On 05/16/2012 12:41 PM, Tom Horsley wrote:
On Wed, 16 May 2012 09:42:20 -0600 JD wrote:
It isn't useless for me at work: It is the only thing that makes NIS lookups reliable. At some point in time, glibc apparently changed the timeout for NIS to something like 3 nanoseconds :-).
3 ns?? So, what did you do to make it work?
The smiley was for the 3 ns value. I have no idea what it actually is, but NIS only functions error free if I am running nscd on my local system. The slightest amount of network traffic that slows down the local network always results in NIS errors unless I'm running nscd. This happened somewhere around fedora 12 or 13 I seem to recall. Never ran nscd before that, and never had a problem, and none of the local network infrastructure changed, so I figured it must be something in libc that was more sensitive to slight delays in responses.

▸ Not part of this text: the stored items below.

section \<open>The AsMAR estimate on datasets with accurate counts\<close>

lemma abs_divide_diff_le:
  fixes a b A B n c \<epsilon> :: real
  assumes n: "n > 0" and B: "B > 0" and A: "0 \<le> A" "A \<le> B"
    and a: "\<bar>a - n * A\<bar> \<le> n * c" and b: "\<bar>b - n * B\<bar> \<le> n * c"
    and c: "2 * c \<le> B" "4 * c \<le> \<epsilon> * B"
  shows "\<bar>a / b - A / B\<bar> \<le> \<epsilon>"
proof -
  define x y where "x = a / n" and "y = b / n"
  have x: "\<bar>x - A\<bar> \<le> c" and y: "\<bar>y - B\<bar> \<le> c"
    using a b n unfolding x_def y_def by (simp_all add: abs_le_iff field_simps)
  have c0: "0 \<le> c"
    using x by linarith
  have y2: "B / 2 \<le> y"
    using y c by (simp add: abs_le_iff)
  have "0 < y"
    using y2 B by linarith
  then have "0 < b"
    using n unfolding y_def by (simp add: zero_less_divide_iff)
  then have "a / b - A / B = (B * (x - A) - A * (y - B)) / (y * B)"
    using n B unfolding x_def y_def by (simp add: field_simps)
  then have "\<bar>a / b - A / B\<bar> = \<bar>B * (x - A) - A * (y - B)\<bar> / (y * B)"
    using B y2 by (simp add: abs_divide)
  also have "\<dots> \<le> (B * c + B * c) / (y * B)"
  proof (rule divide_right_mono)
    have "\<bar>A * (y - B)\<bar> \<le> B * c"
      using y A c0 by (simp add: abs_mult mult_mono)
    moreover have "\<bar>B * (x - A)\<bar> \<le> B * c"
      using x B by (simp add: abs_mult)
    ultimately show "\<bar>B * (x - A) - A * (y - B)\<bar> \<le> B * c + B * c"
      by linarith
  qed (use B y2 in simp)
  also have "\<dots> = 2 * c / y"
    using B y2 by (simp add: field_simps)
  also have "\<dots> \<le> 2 * c / (B / 2)"
    using y2 B c0 by (intro divide_left_mono) auto
  also have "\<dots> \<le> \<epsilon>"
    using c B by (simp add: divide_le_eq)
  finally show ?thesis .
qed

context miss_mdp_behaviour
begin

text \<open>The second conjunct holds almost surely; it makes the estimated always-observed features
  contain the true ones.\<close>
definition accurate_counts :: "nat \<Rightarrow> real \<Rightarrow> ('i,'v,'a) hist list \<Rightarrow> bool" where
  "accurate_counts n \<eta> D \<longleftrightarrow> (\<forall>w\<in>obs_space Sv.
     \<bar>real (count_obs D w) - n * expected_count w\<bar> < n * \<eta> \<and>
     (expected_count w = 0 \<longrightarrow> count_obs D w = 0))"

lemma I_always_subset_I_always_hat:
  assumes "\<forall>w\<in>obs_space Sv. expected_count w = 0 \<longrightarrow> count_obs D w = 0"
  shows "I_always Sv M \<subseteq> I_always_hat Sv D"
proof
  fix i
  assume i: "i \<in> I_always Sv M"
  have "count_obs D w = 0" if "w \<in> obs_space Sv" and "w i = None" for w
    using assms expected_count_eq_0_if_always_observed[of i w, OF i that(2)] that(1) by blast
  then show "i \<in> I_always_hat Sv D"
    unfolding I_always_hat_def count_set_def by (simp add: sum.neutral)
qed

lemma pattern_prob_eq_0_if_never_missing:
  fixes n :: nat and \<eta> :: real
  assumes s: "s \<in> state_space Sv" and visit: "visit_prob s > 0"
    and j: "j \<in> I_always_hat Sv D" and r: "\<not> r j"
    and close: "\<forall>w\<in>obs_space Sv. \<bar>real (count_obs D w) - n * expected_count w\<bar> < n * \<eta>"
    and gap: "\<forall>w\<in>obs_space Sv. 0 < expected_count w \<longrightarrow> \<eta> \<le> expected_count w"
  shows "pattern_prob M s r = 0"
proof (rule ccontr)
  assume "pattern_prob M s r \<noteq> 0"
  then obtain w where w: "w \<in> set_pmf (M s)" and "fR w = r"
    unfolding pattern_prob_def by (auto simp: measure_pmf_zero_iff)
  then have "w j = None"
    using r unfolding fR_def by auto
  have w_obs: "w \<in> obs_space Sv"
    using compatible_in_obs_space[OF s compatible_if_in_set_pmf[OF s w]] .
  then have "count_obs D w = 0"
    using j \<open>w j = None\<close> finite_obs_space unfolding I_always_hat_def count_set_def by auto
  moreover have "0 < expected_count w"
    using visit pmf_positive[OF w] visit_prob_mult_le_expected_count[of s w]
    by (meson mult_pos_pos order_less_le_trans)
  then have "n * \<eta> \<le> n * expected_count w"
    using gap w_obs by (intro mult_left_mono) auto
  ultimately show False
    using close[rule_format, OF w_obs] expected_count_nonneg[of w] by (simp add: abs_mult)
qed

lemma sum_expected_count_Z_sr:
  fixes n :: nat and \<eta> :: real
  assumes mar: "simple_MAR Sv M" and s: "s \<in> state_space Sv" and visit: "visit_prob s > 0"
    and accurate: "accurate_counts n \<eta> D"
    and gap: "\<forall>w\<in>obs_space Sv. 0 < expected_count w \<longrightarrow> \<eta> \<le> expected_count w"
  shows "(\<Sum>w\<in>Z_sr Sv D s r. expected_count w) =
    pattern_prob M s r * expected_agreeing_visits (I_always_hat Sv D) s"
proof (cases "\<forall>j\<in>I_always_hat Sv D. r j")
  case True
  have "I_always Sv M \<subseteq> I_always_hat Sv D"
    using accurate unfolding accurate_counts_def by (intro I_always_subset_I_always_hat) blast
  from sum_expected_count_pattern_obs[OF mar this True s] show ?thesis
    unfolding Z_sr_eq_pattern_obs .
next
  case False
  then obtain j where j: "j \<in> I_always_hat Sv D" "\<not> r j"
    by blast
  then have "Z_sr Sv D s r = {}"
    unfolding Z_sr_def by auto
  moreover have "pattern_prob M s r = 0"
    using accurate unfolding accurate_counts_def
    by (intro pattern_prob_eq_0_if_never_missing[where r=r and n=n, OF s visit j _ gap]) blast
  ultimately show ?thesis
    by simp
qed

lemma count_sr_deviation:
  fixes n :: nat and \<eta> :: real
  assumes mar: "simple_MAR Sv M" and s: "s \<in> state_space Sv" and visit: "visit_prob s > 0"
    and \<eta>: "\<eta> > 0" and accurate: "accurate_counts n \<eta> D"
    and gap: "\<forall>w\<in>obs_space Sv. 0 < expected_count w \<longrightarrow> \<eta> \<le> expected_count w"
  shows "\<bar>real (count_sr Sv D s r) - n * (pattern_prob M s r * expected_agreeing_visits (I_always_hat Sv D) s)\<bar>
    \<le> n * (card (obs_space Sv) * \<eta>)"
proof -
  let ?Z = "Z_sr Sv D s r"
  have Z: "?Z \<subseteq> obs_space Sv"
    unfolding Z_sr_def by blast
  have "real (count_sr Sv D s r) - n * (pattern_prob M s r * expected_agreeing_visits (I_always_hat Sv D) s)
      = (\<Sum>w\<in>?Z. real (count_obs D w) - n * expected_count w)"
    unfolding count_sr_def count_set_def sum_expected_count_Z_sr[OF mar s visit accurate gap, symmetric]
    by (simp add: sum_subtractf sum_distrib_left)
  also have "\<bar>\<dots>\<bar> \<le> (\<Sum>w\<in>?Z. \<bar>real (count_obs D w) - n * expected_count w\<bar>)"
    by (rule sum_abs)
  also have "\<dots> \<le> (\<Sum>w\<in>?Z. n * \<eta>)"
    using accurate Z unfolding accurate_counts_def by (intro sum_mono) (auto simp: less_imp_le)
  also have "\<dots> \<le> card (obs_space Sv) * (n * \<eta>)"
    using \<eta> card_mono[OF finite_obs_space Z] by (simp add: mult_right_mono)
  finally show ?thesis
    by (simp add: algebra_simps)
qed

lemma sum_count_sr_deviation:
  fixes n :: nat and \<eta> :: real
  assumes mar: "simple_MAR Sv M" and s: "s \<in> state_space Sv" and visit: "visit_prob s > 0"
    and \<eta>: "\<eta> > 0" and accurate: "accurate_counts n \<eta> D"
    and gap: "\<forall>w\<in>obs_space Sv. 0 < expected_count w \<longrightarrow> \<eta> \<le> expected_count w"
  shows "\<bar>(\<Sum>r\<in>UNIV. real (count_sr Sv D s r)) - n * expected_agreeing_visits (I_always_hat Sv D) s\<bar>
    \<le> n * (CARD('i \<Rightarrow> bool) * card (obs_space Sv) * \<eta>)"
proof -
  let ?V = "expected_agreeing_visits (I_always_hat Sv D) s"
  have "(\<Sum>r\<in>UNIV. pattern_prob M s r * ?V) = ?V"
    by (simp add: sum_distrib_right[symmetric] sum_pattern_prob)
  then have "(\<Sum>r\<in>UNIV. real (count_sr Sv D s r)) - n * ?V
      = (\<Sum>r\<in>UNIV. real (count_sr Sv D s r) - n * (pattern_prob M s r * ?V))"
    by (simp add: sum_subtractf sum_distrib_left[symmetric])
  also have "\<bar>\<dots>\<bar> \<le> (\<Sum>r\<in>UNIV. \<bar>real (count_sr Sv D s r) - n * (pattern_prob M s r * ?V)\<bar>)"
    by (rule sum_abs)
  also have "\<dots> \<le> (\<Sum>r\<in>(UNIV :: ('i \<Rightarrow> bool) set). n * (card (obs_space Sv) * \<eta>))"
    by (intro sum_mono count_sr_deviation[OF mar s visit \<eta> accurate gap])
  finally show ?thesis
    by (simp add: algebra_simps)
qed

lemma AsMAR_close:
  fixes n :: nat and \<eta> \<epsilon> :: real
  defines "c \<equiv> CARD('i \<Rightarrow> bool) * card (obs_space Sv) * \<eta>"
  assumes mar: "simple_MAR Sv M" and s: "s \<in> state_space Sv" and visit: "visit_prob s > 0"
    and n: "n > 0" and \<eta>: "\<eta> > 0" and accurate: "accurate_counts n \<eta> D"
    and gap: "\<forall>w\<in>obs_space Sv. 0 < expected_count w \<longrightarrow> \<eta> \<le> expected_count w"
    and \<epsilon>: "\<epsilon> > 0" and slack: "2 * c \<le> visit_prob s" "4 * c \<le> \<epsilon> * visit_prob s"
  shows "\<bar>AsMAR Sv D s z - pmf (M s) z\<bar> \<le> \<epsilon>"
proof -
  let ?V = "expected_agreeing_visits (I_always_hat Sv D) s"
  have V: "visit_prob s \<le> ?V"
    by (rule visit_prob_le_expected_agreeing_visits)
  show ?thesis
  proof (cases "compatible z s")
    case False
    then have "pmf (M s) z = 0"
      using compatible_if_in_set_pmf[OF s] by (meson set_pmf_iff)
    then show ?thesis
      using False \<epsilon> unfolding AsMAR_def by simp
  next
    case True
    have q: "0 \<le> pattern_prob M s (fR z)" "pattern_prob M s (fR z) \<le> 1"
      unfolding pattern_prob_def by simp_all
    have "1 \<le> CARD('i \<Rightarrow> bool)"
      by (simp add: Suc_le_eq)
    then have "1 * (card (obs_space Sv) * \<eta>) \<le> CARD('i \<Rightarrow> bool) * (card (obs_space Sv) * \<eta>)"
      using \<eta> by (intro mult_right_mono) simp_all
    then have "card (obs_space Sv) * \<eta> \<le> c"
      unfolding c_def by (simp add: mult.assoc)
    then have "\<bar>real (count_sr Sv D s (fR z)) / (\<Sum>r\<in>UNIV. real (count_sr Sv D s r))
        - (pattern_prob M s (fR z) * ?V) / ?V\<bar> \<le> \<epsilon>"
      using count_sr_deviation[OF mar s visit \<eta> accurate gap, of "fR z"]
        sum_count_sr_deviation[OF mar s visit \<eta> accurate gap] n visit V q slack \<epsilon>
      by (intro abs_divide_diff_le[where c=c])
        (auto simp: c_def mult_left_le_one_le mult_left_mono intro: order_trans mult_left_mono)
    then show ?thesis
      using True visit V pmf_eq_pattern_prob[OF s True] unfolding AsMAR_def by simp
  qed
qed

I see. Well, I must not have configured nscd properly then. Currently enabled and running dnsmasq with the following config options in /etc/dnsmasq.conf:
interface=em1 interface=lo except-interface=virbr0 listen-address=10.0.0.1 cache-size=2000 no-negcache conf-dir=/etc/dnsmasq.d
Per documentation, the interfaces are what it listens to for resolution requests. I assume the resolver library (/lib/libnss_mdns4_minimal.so.2) configured in /etc/nsswitch.conf:
hosts: files mdns4_minimal dns [NOTFOUND=return] myhostname
looks in /etc/resolv.conf to see that the first line is 127.0.0.1.
If there is a dnsmasq config option to force a longer ttl (i.e. to delay invalidation of a translated domain), I do not know it.
Also, is the line
listen-address=10.0.0.1
redundant? since it is the address of interface em1, which is already stated?
If you have any improvements I can make to the config options, please share them.